Kitrenin hazır hale gelmesi yaklaşık 5-6 gün gerektiği için deniz kadayıfı denilen deniz yosunu kullanılabilir. Hazır toz halde satılır. 50 g toza 5 l saf su ilave edilerek topaklanma olmamasına dikkat edilerek mikserle veya kaşık ile karıştırılır. Bir saat içinde hava kabarcıkları yüzeye çıkıp patlayana kadar karıştırılır. Ve kullanıma hazır hale gelir.

At kılı ve Gül Dalı

Fırça yapımında kullanılan at kılları tercihen yaşlı atların kuyruklarından elde edilir. Yele kılları da kullanılmaktadır, ancak bu tür fırçalar kuyruk kılından yapılanlar kadar düzgün olmamaktadır. At kılı tercih edilmesinin nedenleri gözenekleri nedeniyle boyaların fırçadan bir vuruşta dökülmemesidir.

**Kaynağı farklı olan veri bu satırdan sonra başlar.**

lemma selection_functional: "selection k S \<Longrightarrow> (j, v) \<in> S \<Longrightarrow> (j, w) \<in> S \<Longrightarrow> v = w"
  unfolding selection_def inj_on_def by force

definition pebbled :: "'v config \<Rightarrow> 'v set" where
  "pebbled C = snd C \<union> (\<Union>j. fst C j)"

lemma mpp_step_pebbled:
  assumes "mpp_step V E k g C C' c"
  shows "\<exists>N. pebbled C' \<subseteq> pebbled C \<union> N \<and> finite N \<and> card N \<le> k * c \<and>
      (\<forall>v\<in>N. in_nbrs E v \<subseteq> pebbled C)"
  using assms unfolding mpp_step_def Let_def
proof (elim disjE exE conjE)
  fix S assume S: "selection k S" and computable: "\<forall>(j, v)\<in>S. v \<in> V \<and> in_nbrs E v \<subseteq> fst C j"
    and C': "C' = (add_red (fst C) S, snd C)" and c: "c = 1"
  have "finite S" using S by (simp add: selection_def)
  moreover have "card (snd ` S) \<le> k * c"
    using card_image_le[OF \<open>finite S\<close>, of snd] selection_card[OF S] c by simp
  moreover have "pebbled C' \<subseteq> pebbled C \<union> snd ` S"
    using C' by (force simp: pebbled_def add_red_def)
  moreover have "\<forall>v\<in>snd ` S. in_nbrs E v \<subseteq> pebbled C"
    using computable by (force simp: pebbled_def)
  ultimately show ?thesis by blast
qed (intro exI[of _ "{}"]; force simp: pebbled_def add_red_def split: if_splits)+

lemma mpp_step_without_io:
  assumes "mpp_step V E k g C C' c" "c \<noteq> g"
  shows "snd C' \<subseteq> snd C \<and>
    (\<forall>j. fst C' j \<subseteq> fst C j \<or> (\<exists>v. fst C' j = insert v (fst C j) \<and> in_nbrs E v \<subseteq> fst C j))"
  using assms unfolding mpp_step_def Let_def
proof (elim disjE exE conjE)
  fix S assume S: "selection k S" and computable: "\<forall>(j, v)\<in>S. v \<in> V \<and> in_nbrs E v \<subseteq> fst C j"
    and C': "C' = (add_red (fst C) S, snd C)"
  have "fst C' j \<subseteq> fst C j \<or> (\<exists>v. fst C' j = insert v (fst C j) \<and> in_nbrs E v \<subseteq> fst C j)" for j
  proof (cases "\<exists>v. (j, v) \<in> S")
    case True
    then obtain v where v: "(j, v) \<in> S" by blast
    then have "{w. (j, w) \<in> S} = {v}" using selection_functional[OF S] by blast
    then have "fst C' j = insert v (fst C j)" using C' by (auto simp: add_red_def)
    with v computable show ?thesis by auto
  qed (use C' in \<open>auto simp: add_red_def\<close>)
  with C' show ?thesis by simp
qed (auto split: if_splits)

lemma valid_config_red_card:
  "valid_config k r C \<Longrightarrow> finite (fst C j) \<and> card (fst C j) \<le> r"
  unfolding valid_config_def by (cases "j < k") auto

lemma pebbling_strategy_last:
  "pebbling_strategy V E k r g cs costs \<Longrightarrow> last cs = cs ! length costs"
  unfolding pebbling_strategy_def by (metis last_conv_nth diff_Suc_1 list.size(3) nat.distinct(1))

lemma OPT_le_cost: "pebbling_strategy V E k r g cs costs \<Longrightarrow> OPT V E k r g \<le> sum_list costs"
  unfolding OPT_def by (rule Least_le) blast

lemma OPT_attained:
  "has_strategy V E k r g \<Longrightarrow>
    \<exists>cs costs. pebbling_strategy V E k r g cs costs \<and> sum_list costs = OPT V E k r g"
  unfolding has_strategy_def OPT_def by (rule LeastI_ex) blast

section \<open>Every node must be computed\<close>

definition pebbled_upto :: "'v config list \<Rightarrow> nat \<Rightarrow> 'v set" where
  "pebbled_upto cs i = (\<Union>t\<le>i. pebbled (cs ! t))"

lemma pebbled_upto_invariant:
  assumes "pebbling_strategy V E k r g cs costs" "i \<le> length costs"
  shows "finite (pebbled_upto cs i) \<and> card (pebbled_upto cs i) \<le> k * sum_list (take i costs) \<and>
    (\<forall>v\<in>pebbled_upto cs i. in_nbrs E v \<subseteq> pebbled_upto cs i)"
  using assms(2)
proof (induction i)
  case 0
  have "pebbled_upto cs 0 = {}"
    using assms(1) by (simp add: pebbling_strategy_def pebbled_upto_def pebbled_def initial_config_def)
  then show ?case by simp
next
  case (Suc i)
  let ?P = "pebbled_upto cs i" and ?P' = "pebbled_upto cs (Suc i)"
  have IH: "finite ?P" "card ?P \<le> k * sum_list (take i costs)" "\<forall>v\<in>?P. in_nbrs E v \<subseteq> ?P"
    using Suc by auto
  have "mpp_step V E k g (cs ! i) (cs ! Suc i) (costs ! i)"
    using assms(1) Suc.prems unfolding pebbling_strategy_def by simp
  from mpp_step_pebbled[OF this] obtain N
    where N: "pebbled (cs ! Suc i) \<subseteq> pebbled (cs ! i) \<union> N" "finite N"
      "card N \<le> k * costs ! i" "\<forall>v\<in>N. in_nbrs E v \<subseteq> pebbled (cs ! i)"
    by blast
  have P': "?P' = ?P \<union> pebbled (cs ! Suc i)"
    unfolding pebbled_upto_def by (auto simp: atMost_Suc)
  have old: "pebbled (cs ! i) \<subseteq> ?P" unfolding pebbled_upto_def by auto
  have grow: "?P' \<subseteq> ?P \<union> N" using P' N(1) old by blast
  have "card ?P' \<le> card (?P \<union> N)" using grow IH(1) N(2) by (intro card_mono) auto
  also have "\<dots> \<le> card ?P + card N" by (rule card_Un_le)
  also have "\<dots> \<le> k * sum_list (take (Suc i) costs)"
    using IH(2) N(3) Suc.prems by (simp add: take_Suc_conv_app_nth algebra_simps)
  finally have "card ?P' \<le> k * sum_list (take (Suc i) costs)" .
  moreover have "finite ?P'" using grow IH(1) N(2) by (simp add: finite_subset)
  moreover have "in_nbrs E v \<subseteq> ?P'" if "v \<in> ?P'" for v
  proof (cases "v \<in> ?P")
    case True
    then show ?thesis using IH(3) P' by blast
  next
    case False
    then have "v \<in> N" using grow that by blast
    then show ?thesis using N(4) old P' by blast
  qed
  ultimately show ?case by blast
qed

lemma dag_predecessor_closed_superset:
  assumes "is_dag V E" "sinks V E \<subseteq> P" "\<forall>v\<in>P. in_nbrs E v \<subseteq> P"
  shows "V \<subseteq> P"
proof -
  have EV: "E \<subseteq> V \<times> V" and "finite E"
    using assms(1) finite_subset unfolding is_dag_def by auto
  then have "wf (E\<inverse>)" using assms(1) finite_acyclic_wf_converse unfolding is_dag_def by blast
  have "v \<in> V \<longrightarrow> v \<in> P" for v
  proof (induction v rule: wf_induct_rule[OF \<open>wf (E\<inverse>)\<close>])
    case (1 v)
    show ?case
    proof (cases "\<exists>w. (v, w) \<in> E")
      case True
      then obtain w where "(v, w) \<in> E" by blast
      with 1 EV assms(3) show ?thesis unfolding in_nbrs_def by blast
    qed (use assms(2) in \<open>auto simp: sinks_def\<close>)
  qed
  then show ?thesis by blast
qed

lemma card_le_processors_mult_cost:
  assumes "is_dag V E" "pebbling_strategy V E k r g cs costs"
  shows "card V \<le> k * sum_list costs"
proof -
  let ?P = "pebbled_upto cs (length costs)"
  have P: "finite ?P" "card ?P \<le> k * sum_list costs" "\<forall>v\<in>?P. in_nbrs E v \<subseteq> ?P"
    using pebbled_upto_invariant[OF assms(2) order_refl] by auto
  have "sinks V E \<subseteq> pebbled (last cs)"
    using assms(2) unfolding pebbling_strategy_def terminal_config_def pebbled_def by blast
  also have "\<dots> \<subseteq> ?P"
    using pebbling_strategy_last[OF assms(2)] unfolding pebbled_upto_def by auto
  finally have "V \<subseteq> ?P" using dag_predecessor_closed_superset[OF assms(1)] P(3) by blast
  then have "card V \<le> card ?P" using P(1) by (rule card_mono[rotated])
  with P(2) show ?thesis by linarith
qed

lemma card_le_processors_mult_OPT:
  "is_dag V E \<Longrightarrow> has_strategy V E k r g \<Longrightarrow> card V \<le> k * OPT V E k r g"
  using OPT_attained card_le_processors_mult_cost by metis

section \<open>Strategies without I/O\<close>

lemma io_free_blue_empty:
  assumes "pebbling_strategy V E k r g cs costs" "\<forall>i<length costs. costs ! i \<noteq> g"
    and "i \<le> length costs"
  shows "snd (cs ! i) = {}"
  using assms(3)
proof (induction i)
  case 0
  then show ?case using assms(1) by (simp add: pebbling_strategy_def initial_config_def)
next
  case (Suc i)
  have "mpp_step V E k g (cs ! i) (cs ! Suc i) (costs ! i)" "costs ! i \<noteq> g"
    using assms(1,2) Suc.prems unfolding pebbling_strategy_def by auto
  then have "snd (cs ! Suc i) \<subseteq> snd (cs ! i)" by (rule mpp_step_without_io[THEN conjunct1])
  with Suc show ?case by simp
qed

lemma io_free_red_predecessors:
  assumes st: "pebbling_strategy V E k r g cs costs" and io_free: "\<forall>i<length costs. costs ! i \<noteq> g"
    and "X \<noteq> {}" "t \<le> length costs" "X \<subseteq> fst (cs ! t) j"
  shows "\<exists>s\<le>t. \<exists>w\<in>X. X \<union> in_nbrs E w \<subseteq> fst (cs ! s) j"
proof -
  have "fst (cs ! 0) j = {}" using st by (simp add: pebbling_strategy_def initial_config_def)
  then obtain s where "s < t" "\<forall>i\<le>s. \<not> X \<subseteq> fst (cs ! i) j" "X \<subseteq> fst (cs ! Suc s) j"
    using ex_least_nat_less[of "\<lambda>s. X \<subseteq> fst (cs ! s) j" t] assms(3,5) by auto
  then have s: "s < t" "\<not> X \<subseteq> fst (cs ! s) j" "X \<subseteq> fst (cs ! Suc s) j" by auto
  have "mpp_step V E k g (cs ! s) (cs ! Suc s) (costs ! s)" "costs ! s \<noteq> g"
    using st io_free s(1) assms(4) unfolding pebbling_strategy_def by auto
  then have "fst (cs ! Suc s) j \<subseteq> fst (cs ! s) j \<or>
      (\<exists>w. fst (cs ! Suc s) j = insert w (fst (cs ! s) j) \<and> in_nbrs E w \<subseteq> fst (cs ! s) j)"
    by (blast dest: mpp_step_without_io)
  with s(2,3) obtain w where w: "fst (cs ! Suc s) j = insert w (fst (cs ! s) j)"
    "in_nbrs E w \<subseteq> fst (cs ! s) j"
    by blast
  have "w \<in> X" using w(1) s(2,3) by auto
  moreover have "X \<union> in_nbrs E w \<subseteq> fst (cs ! Suc s) j" using w s(3) by blast
  moreover have "Suc s \<le> t" using s(1) by simp
  ultimately show ?thesis by blast
qed

fun valid_run :: "'v set \<Rightarrow> ('v \<times> 'v) set \<Rightarrow> nat \<Rightarrow> nat \<Rightarrow> nat \<Rightarrow> 'v config \<Rightarrow>
    (nat \<times> 'v config) list \<Rightarrow> bool" where
  "valid_run V E k r g C [] = True"
| "valid_run V E k r g C ((c, C') # rest) =
     (mpp_step V E k g C C' c \<and> valid_config k r C' \<and> valid_run V E k r g C' rest)"

lemma valid_run_nth:
  "valid_run V E k r g C steps \<Longrightarrow> i < length steps \<Longrightarrow>
   mpp_step V E k g ((C # map snd steps) ! i) ((C # map snd steps) ! Suc i) (map fst steps ! i) \<and>
   valid_config k r ((C # map snd steps) ! Suc i)"
proof (induction steps arbitrary: C i)
  case (Cons step rest)
  then show ?case by (cases step; cases i) auto
qed simp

Böylece tüm yüzeye eşit büyüklükte ve miktarda boya dökülebilir ve tabanı oluşturur.

Fırçada gül dalı kullanılması; gül dalının esnek olması, kolay küf tutmaması nedeniyledir.

Ebru çeşitleri

Battal ebru

İki veya üç renk boyanın fırçayla damlalar halinde su yüzeyine serpilmesinden sonra hiçbir ek müdahelede bulunmaksızın kağıda geçirilmesi yoluyla olur. Tüm ebru çeşitlerinin yapımına önce battal ebru yapılarak başlanır.

Gelgit ebru

Battal ebrudan sonra biz yardımıyla tekne yüzeyinde eşit aralıklı, teknenin kenarlarına paralel zıt yönde çizgiler oluşturulur.

Bülbül yuvası

Helezonik yuvarlaklar oluşturacak biçimlerin tekne yüzeyinde eşit büyüklüklerle sıralanması yoluyla oluşturulur.

Şal ebrusu

Uçları kıvrımlı s harfine benzer kıvrımlı şekiller oluşturularak yapılır.

Taraklı ebru

Ebru tarağı adı verilen bir araçla gelgit ebru üzerinde oluşturulan bir çeşittir.

Hatip ebrusu

Pastel renkli bir şal ya da taraklı ebru zemin üzerine çiçek, çarkıfelek ya da yıldız benzeri şekiller oluşturularak yapılır.

Çiçek ebrusu

Pastel renkli bir şal ya da taraklı ebru zemin üzerine karanfil, papatya, gül, sümbül, gelincik gibi çiçek figürlerinin stilize edilerek kendilerine özgü tekniklerle yapılmasıyla elde edilir.

Türkiye’de Çağdaş Ebru Sanatı Yorumları

Çağdaş dönemde klasik ebru tekniklerinden yola çıkarak, farklı malzemeler ya da yeni formların eklenmesiyle kitreli su yüzeyinde yapılan bir çeşit figüratif baskı resim tarzı oluşmuştur. Bu tür çalışmaları yapan sanatçılar arasında Hikmet Barutçugil, Timuçin Tanarslan, Fuat Başar, Nedim Sönmez, Sevim Sağdıç, Nusret Hepgül, Ahmet Çoktan, Feridun Özgören, T. Alparslan Babaoğlu sayılabilir.